[[ Data for this exercise open ]]

lemma Mset_column_excess_bound:
  assumes m: "m \<in> Mset k B" and "b < B" and j: "j < k" "j \<noteq> istar" and "istar < k" "0 < p b"
    and d_pos: "\<forall>i<k. i \<noteq> istar \<longrightarrow> 0 < dtrue B p ib istar i"
  shows "p b * (m j b - m istar b + (if istar = ib b then 1 else 0) - (if j = ib b then 1 else 0))
    \<le> dtrue B p ib istar j *
       (\<Sum>i<k. if (i, b) \<in> IM k B ib m \<inter> Xi k B ib istar then p b / Wnum k B p ib istar i b else 0)"
proof -
  let ?c = "Wnum k B p ib istar"
  obtain a where a: "a < k" "\<forall>i<k. m i b = (if i = a then 1 else 0)"
    using Mset_column[OF m \<open>b < B\<close>] by blast
  have "(\<Sum>i<k. if (i, b) \<in> IM k B ib m \<inter> Xi k B ib istar then p b / ?c i b else 0)
      = (\<Sum>i<k. if i = a then (if a \<noteq> istar \<and> a \<noteq> ib b then p b / ?c a b else 0) else 0)"
    using a \<open>b < B\<close> by (intro sum.cong) (auto simp: IM_def Xi_def)
  also have "\<dots> = (if a \<noteq> istar \<and> a \<noteq> ib b then p b / ?c a b else 0)"
    using a by simp
  finally have column: "(\<Sum>i<k. if (i, b) \<in> IM k B ib m \<inter> Xi k B ib istar then p b / ?c i b else 0)
      = (if a \<noteq> istar \<and> a \<noteq> ib b then p b / ?c a b else 0)" .
  have "m j b - m istar b = (if j = a then 1 else 0) - (if istar = a then 1 else 0)"
    using a j \<open>istar < k\<close> by simp
  moreover have "p b * ((if j = a then 1 else 0) - (if istar = a then 1 else 0)
      + (if istar = ib b then 1 else 0) - (if j = ib b then 1 else 0))
    \<le> dtrue B p ib istar j * (if a \<noteq> istar \<and> a \<noteq> ib b then p b / ?c a b else 0)"
    unfolding Wnum_def
    by (rule column_excess_bound)
      (use dmin_pos[OF d_pos j] dmin_le[OF d_pos j] j a d_pos \<open>0 < p b\<close> in auto)
  ultimately show ?thesis
    unfolding column by simp
qed

lemma one_le_sum_p_div_Wnum:
  assumes m: "m \<in> Aset k B p istar j" and j: "j < k" "j \<noteq> istar" and "istar < k"
    and p_pos: "\<forall>b<B. 0 < p b"
    and d_pos: "\<forall>i<k. i \<noteq> istar \<longrightarrow> 0 < dtrue B p ib istar i"
  shows "1 \<le> (\<Sum>(i, b)\<in>IM k B ib m \<inter> Xi k B ib istar. p b / Wnum k B p ib istar i b)"
proof -
  let ?S = "IM k B ib m \<inter> Xi k B ib istar"
  let ?d = "dtrue B p ib istar" and ?c = "Wnum k B p ib istar"
  have "?d j \<le> (\<Sum>b<B. p b * (m j b - m istar b
                   + (if istar = ib b then 1 else 0) - (if j = ib b then 1 else 0)))"
    using m unfolding Aset_def dM_def dtrue_def
    by (simp add: algebra_simps sum.distrib sum_subtractf)
  also have "\<dots> \<le> (\<Sum>b<B. ?d j * (\<Sum>i<k. if (i, b) \<in> ?S then p b / ?c i b else 0))"
    using m j \<open>istar < k\<close> p_pos d_pos unfolding Aset_def
    by (intro sum_mono Mset_column_excess_bound) auto
  also have "\<dots> = ?d j * (\<Sum>(i, b)\<in>?S. p b / ?c i b)"
    by (subst sum_subset_times_nested[of _ "{..<k}" "{..<B}"])
      (auto simp: IM_def sum_distrib_left)
  finally show ?thesis
    using d_pos j by simp
qed

lemma le_sum_IM_of_balanced_bound:
  fixes G :: "nat \<Rightarrow> nat \<Rightarrow> real"
  assumes m: "m \<in> Aset k B p istar j" and j: "j < k" "j \<noteq> istar" and "istar < k"
    and p_pos: "\<forall>b<B. 0 < p b"
    and d_pos: "\<forall>i<k. i \<noteq> istar \<longrightarrow> 0 < dtrue B p ib istar i"
    and G_nonneg: "\<forall>i<k. \<forall>b<B. 0 \<le> G i b"
    and L_le: "\<forall>(i, b)\<in>Xi k B ib istar. L \<le> max (Wnum k B p ib istar i b / p b) 1 * G i b"
  shows "L \<le> (\<Sum>(i, b)\<in>IM k B ib m. G i b)"
proof -
  let ?S = "IM k B ib m \<inter> Xi k B ib istar" and ?c = "Wnum k B p ib istar"
  define v where "v = (\<lambda>(i, b). p b / ?c i b)"
  define w where "w = (\<lambda>(i, b). max (?c i b / p b) 1)"
  have fin: "finite ?S" using finite_IM by blast
  have pos: "0 < ?c i b" "0 < p b" if "(i, b) \<in> ?S" for i b
    using that Wnum_pos[OF d_pos] p_pos by (auto simp: Xi_def)
  have "1 \<le> sum v ?S"
    using one_le_sum_p_div_Wnum[OF assms(1-6)] by (simp add: v_def)
  moreover have "\<forall>x\<in>?S. 0 \<le> v x"
    using pos by (auto simp: v_def less_imp_le)
  ultimately have "1 \<le> (\<Sum>x\<in>?S. min (v x) 1)"
    using fin one_le_sum_min_one by blast
  also have "\<dots> = (\<Sum>x\<in>?S. 1 / w x)"
  proof (rule sum.cong[OF refl])
    fix x assume "x \<in> ?S"
    obtain i b where x: "x = (i, b)" by (cases x)
    with \<open>x \<in> ?S\<close> have "0 < ?c i b" "0 < p b" by (simp_all add: pos)
    then show "min (v x) 1 = 1 / w x"
      by (cases "?c i b \<le> p b") (auto simp: x v_def w_def max_def min_def divide_le_eq le_divide_eq)
  qed
  finally have w_sum: "1 \<le> (\<Sum>x\<in>?S. 1 / w x)" .
  have w_pos: "\<forall>x\<in>?S. 0 < w x" by (auto simp: w_def)
  have G_S: "\<forall>x\<in>?S. 0 \<le> case_prod G x" using G_nonneg by (auto simp: IM_def)
  have L_S: "\<forall>x\<in>?S. L \<le> w x * case_prod G x" using L_le by (auto simp: w_def)
  have "L \<le> (\<Sum>x\<in>?S. case_prod G x)"
    by (rule le_sum_of_weighted_lower_bounds[OF fin w_pos G_S L_S w_sum])
  also have "\<dots> \<le> (\<Sum>(i, b)\<in>IM k B ib m. G i b)"
    using finite_IM G_nonneg by (intro sum_mono2) (auto simp: IM_def)
  finally show ?thesis .
qed

lemma favorable_set_nonempty:
  fixes p :: "nat \<Rightarrow> real"
  assumes "\<forall>b<B. 0 \<le> p b"
    and "(\<Sum>b<B. p b * (if j = ib b then 1 else 0)) < (\<Sum>b<B. p b * (if istar = ib b then 1 else 0))"
  shows "\<exists>b<B. ib b = istar"
proof (rule ccontr)
  assume "\<not> ?thesis"
  then have "\<forall>b\<in>{..<B}. p b * (if istar = ib b then 1 else 0) = 0" by auto
  then have "(\<Sum>b<B. p b * (if istar = ib b then 1 else 0)) = 0" by (rule sum.neutral)
  moreover have "0 \<le> (\<Sum>b<B. p b * (if j = ib b then 1 else 0))"
    using assms(1) by (intro sum_nonneg) auto
  ultimately show False using assms(2) by simp
qed

lemma LDRlow_eq_Min:
  assumes "Xi k B ib istar \<noteq> {}"
  shows "LDRlow k B p y lam2 alpha ib istar = ereal (Min ((\<lambda>(i, b).
           max (Wnum k B p ib istar i b / p b) 1 * Gfun y lam2 alpha ib i b) ` Xi k B ib istar))"
proof -
  let ?f = "\<lambda>(i, b). max (Wnum k B p ib istar i b / p b) 1 * Gfun y lam2 alpha ib i b"
  have "(\<lambda>(i, b). Wt k B p ib istar i b * ereal (Gfun y lam2 alpha ib i b)) ` Xi k B ib istar
      = ereal ` ?f ` Xi k B ib istar"
    by (auto simp: Wt_eq_on_Xi image_image simp del: ereal_max intro!: image_cong)
  then show ?thesis
    unfolding LDRlow_def using assms finite_Xi by (simp add: mono_Min_commute[symmetric] mono_def)
qed

lemma LDR_lower_bound:
  assumes "j < k" "\<forall>b<B. 0 \<le> p b"
    and "\<forall>m\<in>Aset k B p istar j. L \<le> (\<Sum>(i, b)\<in>IM k B ib m. Gfun y lam2 alpha ib i b)"
  shows "L \<le> LDR k B p y lam2 alpha ib istar j"
proof -
  let ?f = "\<lambda>m. \<Sum>(i, b)\<in>IM k B ib m. Gfun y lam2 alpha ib i b"
  have "?f ` Aset k B p istar j
      \<subseteq> (\<lambda>T. \<Sum>(i, b)\<in>T. Gfun y lam2 alpha ib i b) ` Pow ({..<k} \<times> {..<B})"
    by (auto simp: IM_def)
  then have "finite (?f ` Aset k B p istar j)"
    by (rule finite_subset) simp
  moreover have "(\<lambda>i b. if i = j then 1 else 0) \<in> Aset k B p istar j"
    using assms(1,2) by (auto simp: Aset_def Mset_def dM_def intro!: sum_nonneg)
  ultimately show ?thesis
    unfolding LDR_def using assms(3) by (auto intro!: Min.boundedI)
qed

theorem theorem2:
  fixes k B :: nat and p :: "nat \<Rightarrow> real"
    and y lam2 alpha :: "nat \<Rightarrow> nat \<Rightarrow> real"
    and ib :: "nat \<Rightarrow> nat" and istar :: nat
  assumes k2: "k \<ge> 2"
    and p_pos: "\<forall>b<B. p b > 0"
    and p_sum: "(\<Sum>b<B. p b) = 1"
    and lam_pos: "\<forall>i<k. \<forall>b<B. lam2 i b > 0"
    and alpha_nonneg: "\<forall>i<k. \<forall>b<B. alpha i b \<ge> 0"
    and alpha_sum: "(\<Sum>i<k. \<Sum>b<B. alpha i b) = 1"
    and ib_def: "\<forall>b<B. ib b < k \<and> (\<forall>i<k. i \<noteq> ib b \<longrightarrow> y (ib b) b < y i b)"
    and istar_def: "istar < k \<and> (\<forall>j<k. j \<noteq> istar \<longrightarrow>
          (\<Sum>b<B. p b * (if j = ib b then 1 else 0)) < (\<Sum>b<B. p b * (if istar = ib b then 1 else 0)))"
  shows "ereal (Min {LDR k B p y lam2 alpha ib istar j | j. j < k \<and> j \<noteq> istar})
           \<ge> LDRlow k B p y lam2 alpha ib istar"
proof -
  let ?G = "Gfun y lam2 alpha ib" and ?w = "\<lambda>i b. max (Wnum k B p ib istar i b / p b) 1"
  have ist: "istar < k"
    and freq: "\<forall>j<k. j \<noteq> istar \<longrightarrow> (\<Sum>b<B. p b * (if j = ib b then 1 else 0))
                                     < (\<Sum>b<B. p b * (if istar = ib b then 1 else 0))"
    using istar_def by simp_all
  have p_nonneg: "\<forall>b<B. 0 \<le> p b" using p_pos by (simp add: less_imp_le)
  have d_pos: "\<forall>i<k. i \<noteq> istar \<longrightarrow> 0 < dtrue B p ib istar i"
    using freq by (simp add: dtrue_def)
  have G_nonneg: "\<forall>i<k. \<forall>b<B. 0 \<le> ?G i b"
  proof (intro allI impI)
    fix i b assume "i < k" "b < B"
    moreover have "ib b < k" using ib_def \<open>b < B\<close> by blast
    ultimately show "0 \<le> ?G i b"
      using lam_pos alpha_nonneg by (intro Gfun_nonneg) (simp_all add: less_imp_le)
  qed
  have "\<exists>j<k. j \<noteq> istar"
    using k2 by (intro exI[of _ "if istar = 0 then 1 else 0"]) auto
  then obtain j0 where j0: "j0 < k" "j0 \<noteq> istar" by blast
  then obtain b0 where "b0 < B" "ib b0 = istar"
    using favorable_set_nonempty[OF p_nonneg freq[rule_format, OF j0]] by blast
  with j0 have Xi_ne: "Xi k B ib istar \<noteq> {}" by (auto simp: Xi_def)
  define L where "L = Min ((\<lambda>(i, b). ?w i b * ?G i b) ` Xi k B ib istar)"
  have L_le: "\<forall>(i, b)\<in>Xi k B ib istar. L \<le> ?w i b * ?G i b"
    unfolding L_def using finite_Xi by (auto intro!: Min_le)
  have "L \<le> LDR k B p y lam2 alpha ib istar j" if j: "j < k" "j \<noteq> istar" for j
  proof (rule LDR_lower_bound[OF \<open>j < k\<close> p_nonneg], intro ballI)
    fix m assume "m \<in> Aset k B p istar j"
    then show "L \<le> (\<Sum>(i, b)\<in>IM k B ib m. ?G i b)"
      by (rule le_sum_IM_of_balanced_bound[OF _ j ist p_pos d_pos G_nonneg L_le])
  qed
  then have "L \<le> Min {LDR k B p y lam2 alpha ib istar j | j. j < k \<and> j \<noteq> istar}"
    using j0 by (intro Min.boundedI) auto
  then show ?thesis
    using LDRlow_eq_Min[OF Xi_ne] by (simp add: L_def)
qed

end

[[ Data for this exercise closed ]]

All that belongs in your answer is the stretch of entries above from the line with "using m j \<open>istar" through the line with "(\<Sum>x\<in>?S. case_prod G", printed exactly.

    using m j \<open>istar < k\<close> p_pos d_pos unfolding Aset_def
    by (intro sum_mono Mset_column_excess_bound) auto
  also have "\<dots> = ?d j * (\<Sum>(i, b)\<in>?S. p b / ?c i b)"
    by (subst sum_subset_times_nested[of _ "{..<k}" "{..<B}"])
      (auto simp: IM_def sum_distrib_left)
  finally show ?thesis
    using d_pos j by simp
qed

lemma le_sum_IM_of_balanced_bound:
  fixes G :: "nat \<Rightarrow> nat \<Rightarrow> real"
  assumes m: "m \<in> Aset k B p istar j" and j: "j < k" "j \<noteq> istar" and "istar < k"
    and p_pos: "\<forall>b<B. 0 < p b"
    and d_pos: "\<forall>i<k. i \<noteq> istar \<longrightarrow> 0 < dtrue B p ib istar i"
    and G_nonneg: "\<forall>i<k. \<forall>b<B. 0 \<le> G i b"
    and L_le: "\<forall>(i, b)\<in>Xi k B ib istar. L \<le> max (Wnum k B p ib istar i b / p b) 1 * G i b"
  shows "L \<le> (\<Sum>(i, b)\<in>IM k B ib m. G i b)"
proof -
  let ?S = "IM k B ib m \<inter> Xi k B ib istar" and ?c = "Wnum k B p ib istar"
  define v where "v = (\<lambda>(i, b). p b / ?c i b)"
  define w where "w = (\<lambda>(i, b). max (?c i b / p b) 1)"
  have fin: "finite ?S" using finite_IM by blast
  have pos: "0 < ?c i b" "0 < p b" if "(i, b) \<in> ?S" for i b
    using that Wnum_pos[OF d_pos] p_pos by (auto simp: Xi_def)
  have "1 \<le> sum v ?S"
    using one_le_sum_p_div_Wnum[OF assms(1-6)] by (simp add: v_def)
  moreover have "\<forall>x\<in>?S. 0 \<le> v x"
    using pos by (auto simp: v_def less_imp_le)
  ultimately have "1 \<le> (\<Sum>x\<in>?S. min (v x) 1)"
    using fin one_le_sum_min_one by blast
  also have "\<dots> = (\<Sum>x\<in>?S. 1 / w x)"
  proof (rule sum.cong[OF refl])
    fix x assume "x \<in> ?S"
    obtain i b where x: "x = (i, b)" by (cases x)
    with \<open>x \<in> ?S\<close> have "0 < ?c i b" "0 < p b" by (simp_all add: pos)
    then show "min (v x) 1 = 1 / w x"
      by (cases "?c i b \<le> p b") (auto simp: x v_def w_def max_def min_def divide_le_eq le_divide_eq)
  qed
  finally have w_sum: "1 \<le> (\<Sum>x\<in>?S. 1 / w x)" .
  have w_pos: "\<forall>x\<in>?S. 0 < w x" by (auto simp: w_def)
  have G_S: "\<forall>x\<in>?S. 0 \<le> case_prod G x" using G_nonneg by (auto simp: IM_def)
  have L_S: "\<forall>x\<in>?S. L \<le> w x * case_prod G x" using L_le by (auto simp: w_def)
  have "L \<le> (\<Sum>x\<in>?S. case_prod G x)"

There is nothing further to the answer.